- ABOUT THIS EXERCISE:
Identify each line below containing the string "theta" and copy it.

- AVAILABLE RECORDS:
lemma F_word_Nil [simp]: "F_word N [] w = (if w = [] then 1 else 0)"
  by (simp add: F_word_def ser_one_def)

lemma F_word_Cons_Nil [simp]: "F_word N (a # u) [] = 0"
  by (simp add: F_word_def ser_mult_Nil F_letter_eq_0_if_length_ne_1)

lemma F_word_Cons_Cons [simp]: "F_word N (a # u) (b # w) = F_letter N a [b] * F_word N u w"
  by (simp add: F_word_def ser_mult_Cons F_letter_eq_0_if_length_ne_1)

lemma F_word_nonzero_imp_same_Z0_positions:
  "F_word N u w \<noteq> 0 \<Longrightarrow> map (\<lambda>x. x = Z0) u = map (\<lambda>x. x = Z0) w"
proof (induction u arbitrary: w)
  case (Cons a u)
  then obtain b w' where w: "w = b # w'" and "F_letter N a [b] \<noteq> 0" "F_word N u w' \<noteq> 0"
    by (cases w) simp_all
  then have "(a = Z0) = (b = Z0)"
    by (cases a; cases b) simp_all
  with Cons.IH \<open>F_word N u w' \<noteq> 0\<close> show ?case by (simp add: w)
qed (simp split: if_splits)

lemma F_word_nonzero_imp_xAlph:
  assumes "N > 0"
  shows "F_word N u w \<noteq> 0 \<Longrightarrow> set w \<subseteq> xAlph N"
proof (induction u arbitrary: w)
  case (Cons a u)
  then obtain b w' where w: "w = b # w'" and "F_letter N a [b] \<noteq> 0" "F_word N u w' \<noteq> 0"
    by (cases w) simp_all
  have "b \<in> xAlph N"
  proof (cases b)
    case (Lt z)
    with \<open>F_letter N a [b] \<noteq> 0\<close> obtain \<alpha> where "F_letter N (Lt \<alpha>) [Lt z] \<noteq> 0"
      by (cases a) simp_all
    then have "z ^ N = 1"
      by (simp add: F_letter_Lt_Lt[OF assms] split: if_splits)
    with Lt show ?thesis by (simp add: xAlph_def muN_def)
  qed (simp add: xAlph_def)
  with Cons.IH \<open>F_word N u w' \<noteq> 0\<close> show ?case by (simp add: w)
qed (simp split: if_splits)
lemma arc_angle_has_derivative:
  assumes "0 < t" "t < arc_duration"
  shows "(arc_angle has_real_derivative arc_speed \<mu> (arc_angle t)) (at t)"
proof -
  have \<phi>: "arc_angle t \<in> {\<theta>t..\<theta>}" using assms by (intro arc_angle_in_arc) simp
  have "(arc_angle has_real_derivative inverse (arc_pace min_speed \<mu> (arc_angle t))) (at t)"
  proof (rule DERIV_inverse_function[where a = 0 and b = arc_duration])
    show "DERIV (arc_time min_speed \<mu> \<theta>t) (arc_angle t) :> arc_pace min_speed \<mu> (arc_angle t)"
      using \<phi> by (intro arc_time_has_derivative min_speed_pos) auto
    show "arc_pace min_speed \<mu> (arc_angle t) \<noteq> 0"
      using arc_pace_pos[OF min_speed_pos] by (metis less_irrefl)
    show "arc_time min_speed \<mu> \<theta>t (arc_angle y) = y" if "0 < y" "y < arc_duration" for y
      using that by (simp add: arc_time_arc_angle)
    show "isCont arc_angle t"
      using continuous_on_interior[OF continuous_on_arc_angle] assms by simp
  qed (use assms in auto)
  then show ?thesis using arc_pace_on_arc[OF \<phi> order_refl] arc_speed_ge(3)[OF \<phi> order_refl] by simp
qed

text \<open>The heading producing the relative velocity \<open>arc_speed \<mu> \<phi> (-sin \<phi>, cos \<phi>)\<close>;
  \<open>pi - 2 arctan (b / (1 - a))\<close> is the polar angle of the unit vector \<open>(a, b)\<close>.\<close>
definition arc_heading :: "real \<Rightarrow> real" where
  "arc_heading \<phi> =
     pi - 2 * arctan ((arc_speed \<mu> \<phi> * cos \<phi> / \<mu>) / (1 - (1 - arc_speed \<mu> \<phi> * sin \<phi>) / \<mu>))"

- WRITTEN RESPONSE:
  have \<phi>: "arc_angle t \<in> {\<theta>t..\<theta>}" using assms by (intro arc_angle_in_arc) simp
    show "DERIV (arc_time min_speed \<mu> \<theta>t) (arc_angle t) :> arc_pace min_speed \<mu> (arc_angle t)"
    show "arc_time min_speed \<mu> \<theta>t (arc_angle y) = y" if "0 < y" "y < arc_duration" for y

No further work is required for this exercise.